Today, Big Data applications are radically transforming the ways in which small and medium enterprises are competing with each other. Because of their impact, it has become essential for companies to know the right ways of implementing Big Data tools and analytics –and from the very beginning too. These Big Data best practices are indispensible in enhancing the ongoing efforts of SMEs and help them move ahead with their smaller margin of error and budgets alike. Here’s a checklist that needs ample consideration before SMEs (like yours) push in the required investments for maximizing business value.
1. Have the Latest Big Data Tools in Place
Big Data tools and analytics are good fun to work with and offer valuable insights. But then, lack of latest tools and techniques for analysis can lead to complete wastage of time and resources. With the intent of providing the right answers for practical and real-world business issues, updated cloud-based solutions, machine learning techniques, and Big Data analytics for gaining business insights, these much-required tools are available at affordable prices. Because of their support and with the right infrastructural capabilities in place, small-sized companies are now exploring huge datasets for big-time success.
2. Easy Accessibility is a Must too
In order to get optimum value from your Big Data insights, ensure that they are easily accessible to all employees. Whether it is about HR teams keeping close track of absenteeism, or marketing teams utilizing data for assessing client demands, Big Data impacts all aspects of your business, and therefore, should be understood by all.

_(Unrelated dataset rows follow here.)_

lemma non_fixed_points_is_midpoint_set:
  fixes p :: nat and \<sigma> :: "nat \<Rightarrow> nat"
  assumes "odd p" "\<sigma> ` {..<p} \<subseteq> {..<p}" "inj_on \<sigma> {..<p}"
    and orth: "{..<p} \<subseteq> (\<lambda>i. (i + \<sigma> i) mod p) ` {..<p}"
  shows "is_midpoint_set p {i. i < p \<and> \<sigma> i \<noteq> i}"
  unfolding is_midpoint_set_def
proof
  fix m assume "m \<in> {i. i < p \<and> \<sigma> i \<noteq> i}"
  then have m: "m < p" "\<sigma> m \<noteq> m" by auto
  have "(2 * m) mod p < p" using m(1) by simp
  with orth obtain a where a: "a < p" "(a + \<sigma> a) mod p = (2 * m) mod p" by auto
  then have mid: "[a + \<sigma> a = 2 * m] (mod p)" by (simp add: cong_def)
  have \<sigma>_lt: "\<sigma> i < p" if "i < p" for i using assms(2) that by auto
  have "a \<noteq> m"
  proof
    assume "a = m"
    with mid have "[m + \<sigma> m = m + m] (mod p)" by (simp add: mult_2)
    then have "\<sigma> m = m"
      using m(1) \<sigma>_lt[OF m(1)] by (simp add: cong_add_lcancel_nat cong_less_modulus_unique_nat)
    with m(2) show False ..
  qed
  moreover have "\<sigma> a \<noteq> a"
  proof
    assume "\<sigma> a = a"
    with mid have "[2 * a = 2 * m] (mod p)" by (simp add: mult_2)
    then have "[a = m] (mod p)" using \<open>odd p\<close> by (simp add: cong_mult_lcancel_nat)
    with a(1) m(1) \<open>a \<noteq> m\<close> show False by (simp add: cong_less_modulus_unique_nat)
  qed
  moreover have "\<sigma> (\<sigma> a) \<noteq> \<sigma> a"
    using \<open>\<sigma> a \<noteq> a\<close> a(1) \<sigma>_lt[OF a(1)] inj_onD[OF assms(3)] by blast
  ultimately show "\<exists>a\<in>{i. i < p \<and> \<sigma> i \<noteq> i}. \<exists>b\<in>{i. i < p \<and> \<sigma> i \<noteq> i}. a \<noteq> m \<and> [a + b = 2 * m] (mod p)"
    using a(1) \<sigma>_lt[OF a(1)] mid by blast
qed

lemma log2_succ_le_of_double_le_power:
  fixes p k :: nat
  assumes "0 < p" "2 * p \<le> 2 ^ k"
  shows "log 2 (real p) + 1 \<le> real k"
proof -
  have "log 2 (real (2 * p)) \<le> real k" using assms by (intro log2_of_power_le) simp_all
  moreover have "log 2 (real (2 * p)) = 1 + log 2 (real p)" using assms(1) by (simp add: log_mult)
  ultimately show ?thesis by simp
qed

theorem corollary6p2:
  fixes p :: nat and T :: "(nat \<times> nat \<times> nat) set"
  assumes "prime p" and "odd p"
    and "is_transversal p (B p) T"
    and "T \<noteq> main_diagonal p"
  shows "real (card {t \<in> T. fst t \<noteq> fst (snd t)}) \<ge> log 2 (real p) + 1"
proof -
  obtain \<sigma> where graph: "T = (\<lambda>i. (i, \<sigma> i, (i + \<sigma> i) mod p)) ` {..<p}"
    and range: "\<sigma> ` {..<p} \<subseteq> {..<p}"
    using transversal_B_eq_graph[OF assms(3)] by blast
  note orth = range transversal_graph_orthomorphism[OF assms(3)[unfolded graph] range]
  define S where "S = {i. i < p \<and> \<sigma> i \<noteq> i}"
  have "{t \<in> T. fst t \<noteq> fst (snd t)} = (\<lambda>i. (i, \<sigma> i, (i + \<sigma> i) mod p)) ` S"
    unfolding graph S_def by auto
  then have card_eq: "card {t \<in> T. fst t \<noteq> fst (snd t)} = card S"
    by (simp add: card_image inj_on_def)
  have "S \<noteq> {}"
  proof
    assume "S = {}"
    then have "T = main_diagonal p" unfolding graph main_diagonal_def S_def by (auto simp: mult_2)
    with assms(4) show False ..
  qed
  then have "2 * p \<le> 2 ^ card S"
    using midpoint_set_card_bound[OF assms(1) _ _ non_fixed_points_is_midpoint_set[OF assms(2) orth]]
    unfolding S_def by auto
  then show ?thesis
    using log2_succ_le_of_double_le_power prime_gt_0_nat[OF assms(1)] card_eq by simp
qed

end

3. Where’s the Big Data Road Map?
Once objectives are set and all experimentations are over, you have a complete understanding of all that needs to be accomplished by your business. This is the right time for you to establish a Big Data road map. Instead of one that may go astray while meeting all project demands (of miscellaneous projects) simultaneously, the chalked road map should meet some fundamental requirements. An appropriate Big Data sketch best begins with foundational services that kick start your company’s operations. Then, it should encompass existing data services, achievable and reasonable benchmarks, and so forth. What’s more? It’s not at all important to plan ten years in advance and get bogged down during execution times. A two-or-three year road map that includes all technical and business goals is good enough.

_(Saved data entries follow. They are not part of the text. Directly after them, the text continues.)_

(* For every $n\ge1$, the map $\psi$ defined below is a well-defined bijection from $\mathcal{S}_n$ to $\mathfrak{R}_n$.
   Context: A snake of length $n$ is a word $p_1\cdots p_n$ with $p_i\in\{\pm1,\dots,\pm n\}$ such that: - $|p_1|\cdots|p_n|$ is a permutation of $[n]$; - $p_1>0$; - $p_1>p_2<p_3>p_4<\cdots$. Let $\mathcal{S}_n$ be the set of snakes of length $n$. A permutation $\pi\in\mathfrak{S}_{2n}$ is alternating if $\pi_1>\pi_2<\pi_3>\cdots$. It is rc-invariant if $\pi_{2n+1-i}=2n+1-\pi_i$ for all $i$. Let $\mathfrak{R}_n$ be the set of rc-invariant alternating permutations of $[2n]$. For $p\in\mathcal{S}_n$, define $\tilde p_i=n+p_i$ if $p_i>0$ and $\tilde p_i=n+1+p_i$ if $p_i<0$. Then $\psi(p)$ is the unique rc-invariant permutation of $[2n]$ such that: - if $n$ is odd, its first $n$ entries are $\tilde p_n\tilde p_{n-1}\cdots\tilde p_1$; - if $n$ is even, its last $n$ entries are $\tilde p_1\cdots\tilde p_n$. Example: $p=2\,1\,5\,\bar4\,\bar3$ (where $\bar k=-k$) gives $\psi(p)=3\,2\,10\,6\,7\,4\,5\,1\,9\,8$. *)

theory Defs
  imports Main
begin

text \<open>Words are lists, indexed from 0: the paper's p_i is p ! (i-1).\<close>

definition down_up :: "int list \<Rightarrow> bool" where
  "down_up w \<longleftrightarrow> (\<forall>i. Suc i < length w \<longrightarrow>
      (if even i then w ! i > w ! Suc i else w ! i < w ! Suc i))"

definition snakes :: "nat \<Rightarrow> int list set" where
  "snakes n = {p. length p = n
      \<and> distinct (map abs p) \<and> set (map abs p) = {1..int n}
      \<and> p ! 0 > 0
      \<and> down_up p}"

definition is_perm_of :: "int list \<Rightarrow> int \<Rightarrow> bool" where
  "is_perm_of w m \<longleftrightarrow> length w = nat m \<and> distinct w \<and> set w = {1..m}"

definition rc_invariant :: "int list \<Rightarrow> bool" where
  "rc_invariant w \<longleftrightarrow> (\<forall>i < length w.
      w ! (length w - 1 - i) = int (length w) + 1 - w ! i)"

definition rc_alt :: "nat \<Rightarrow> int list set" where
  "rc_alt n = {w. is_perm_of w (2 * int n) \<and> down_up w \<and> rc_invariant w}"

definition tilde :: "nat \<Rightarrow> int \<Rightarrow> int" where
  "tilde n x = (if x > 0 then int n + x else int n + 1 + x)"

text \<open>psi: the rc-invariant word of length 2n whose first n entries are
  tilde p_n ... tilde p_1 (n odd), resp. whose last n entries are
  tilde p_1 ... tilde p_n (n even); the other half is forced by rc-invariance.\<close>

definition psi :: "nat \<Rightarrow> int list \<Rightarrow> int list" where
  "psi n p = (let t = map (tilde n) p; c = (\<lambda>x. 2 * int n + 1 - x) in
     if odd n then rev t @ map c t
     else rev (map c t) @ t)"

end

theory Submission
  imports Defs
begin

text \<open>Since the complement 2n + 1 - tilde x of tilde x is tilde (-x), the word psi p
  consists of tilde applied to p and to -p, one half reversed. As tilde is an increasing
  bijection from the nonzero integers in [-n, n] onto [1, 2n], psi p is a permutation of
  [2n] exactly when |p_1| ... |p_n| is a permutation of [n], and it is alternating exactly
  when p is alternating
  (reversal and complementation each flip the direction of the first step, and the two
  halves have the right parities) and the junction tilde p_1 > 2n + 1 - tilde p_1 holds,
  i.e. p_1 > 0. The rc-invariance is automatic, and an rc-invariant word is determined by
  one half, which gives the inverse map.\<close>

definition alternating :: "bool \<Rightarrow> 'a::linorder list \<Rightarrow> bool" where
  "alternating down w \<longleftrightarrow> (\<forall>i. Suc i < length w \<longrightarrow>
      (if even i = down then w ! i > w ! Suc i else w ! i < w ! Suc i))"

lemma down_up_eq_alternating: "down_up w = alternating True w"
  by (simp add: down_up_def alternating_def)

lemma alternating_map_strict_mono_on:
  fixes f :: "'a::linorder \<Rightarrow> 'b::linorder"
  assumes "strict_mono_on (set xs) f"
  shows "alternating b (map f xs) = alternating b xs"
  using strict_mono_on_less[OF assms] by (simp add: alternating_def)

lemma alternating_map_strict_antimono_on:
  fixes f :: "'a::linorder \<Rightarrow> 'b::linorder"
  assumes "strict_antimono_on (set xs) f"
  shows "alternating b (map f xs) = alternating (\<not> b) xs"
proof -
  have "f x < f y \<longleftrightarrow> y < x" if "x \<in> set xs" "y \<in> set xs" for x y
    using monotone_onD[OF assms that] monotone_onD[OF assms that(2,1)]
    by (cases x y rule: linorder_cases) auto
  then show ?thesis by (auto simp: alternating_def)
qed

lemma alternating_rev: "alternating b (rev xs) = alternating (b = odd (length xs)) xs"
proof -
  have rev_step: "alternating (b = odd (length xs)) (rev xs)"
    if "alternating b xs" for b and xs :: "'a list"
    unfolding alternating_def
  proof (intro allI impI)
    fix i assume i: "Suc i < length (rev xs)"
    define j where "j = length xs - 2 - i"
    have j: "Suc j < length xs" "length xs - Suc i = Suc j" "length xs - Suc (Suc i) = j"
      and par: "even j = (even (length xs) = even i)"
      using i by (auto simp: j_def)
    from that j(1) have "if even j = b then xs ! j > xs ! Suc j else xs ! j < xs ! Suc j"
      unfolding alternating_def by blast
    then show "if even i = (b = odd (length xs)) then rev xs ! i > rev xs ! Suc i
        else rev xs ! i < rev xs ! Suc i"
      using i j par by (auto simp: rev_nth split: if_splits)
  qed
  show ?thesis
    using rev_step[of b "rev xs"] rev_step[of "b = odd (length xs)" xs]
    by (cases "odd (length xs)") auto
qed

4. Keep Testing all Big Data Assumptions
You know that unstructured data and new data sources may be used for making lucrative assumptions for the future. But, without proper testing systems in place, they may misfire badly. So, instead of anticipating beyond the levels of repair, you should be capable of determining the best actions that need to be initiated in real time. Despite having all the right metadata definitions and big data practices (read controls) in place, you need to test them regularly. For instance, if you have been getting hard to believe results recently, its time you evaluated all outcomes immediately. In other words, never assume that your data is always reliable and correct!
5. Ask for Big Data Expert Advice
The many opportunities and challenges of Big Data are better understood through discussions with experts. Whether it is for identifying SME projects that prove to be practical and promising, or knowing the issues that advanced Big Data applications and analytics can solve; those with more knowledge in the field go a long way in helping your cause.
6. Real Time Analysis of Big Data
Successful small and medium businesses are looking towards descriptive reports, data dashboards, and pre-defined systems for analyzing their incoming data, and in real time too. These tools are helping them produce the right predictions that may be put into action at the right time. Yes, it’s time to go for real time Big Data Analytics—you won’t be disappointed.
7. Visualization of Better Business Insights
The big idea behind using Big Data analytics is for accessing better, new business insights that may be transformed into valuable decision strategies for improving customer impact. You need to invest in visual tools for crafting decision trees or segmenting customer populations by using smart mixes of data-driven insights and policies. To lift business performance and benefit from data-centric experimentation, the right balance of human expertise with Big Data techniques is a must too.
This checklist of Big Data best practices requires little investments in specialized skills or large-scale, expensive infrastructure. The availability of effective cloud services is now allowing SMEs to handle all underlying Big Data systems and services securely. These services are chargeable only when put to use. Overall, the idea is to refrain from reinventing the wheel and leveraging the many advantages of Big Data’s momentum—right away!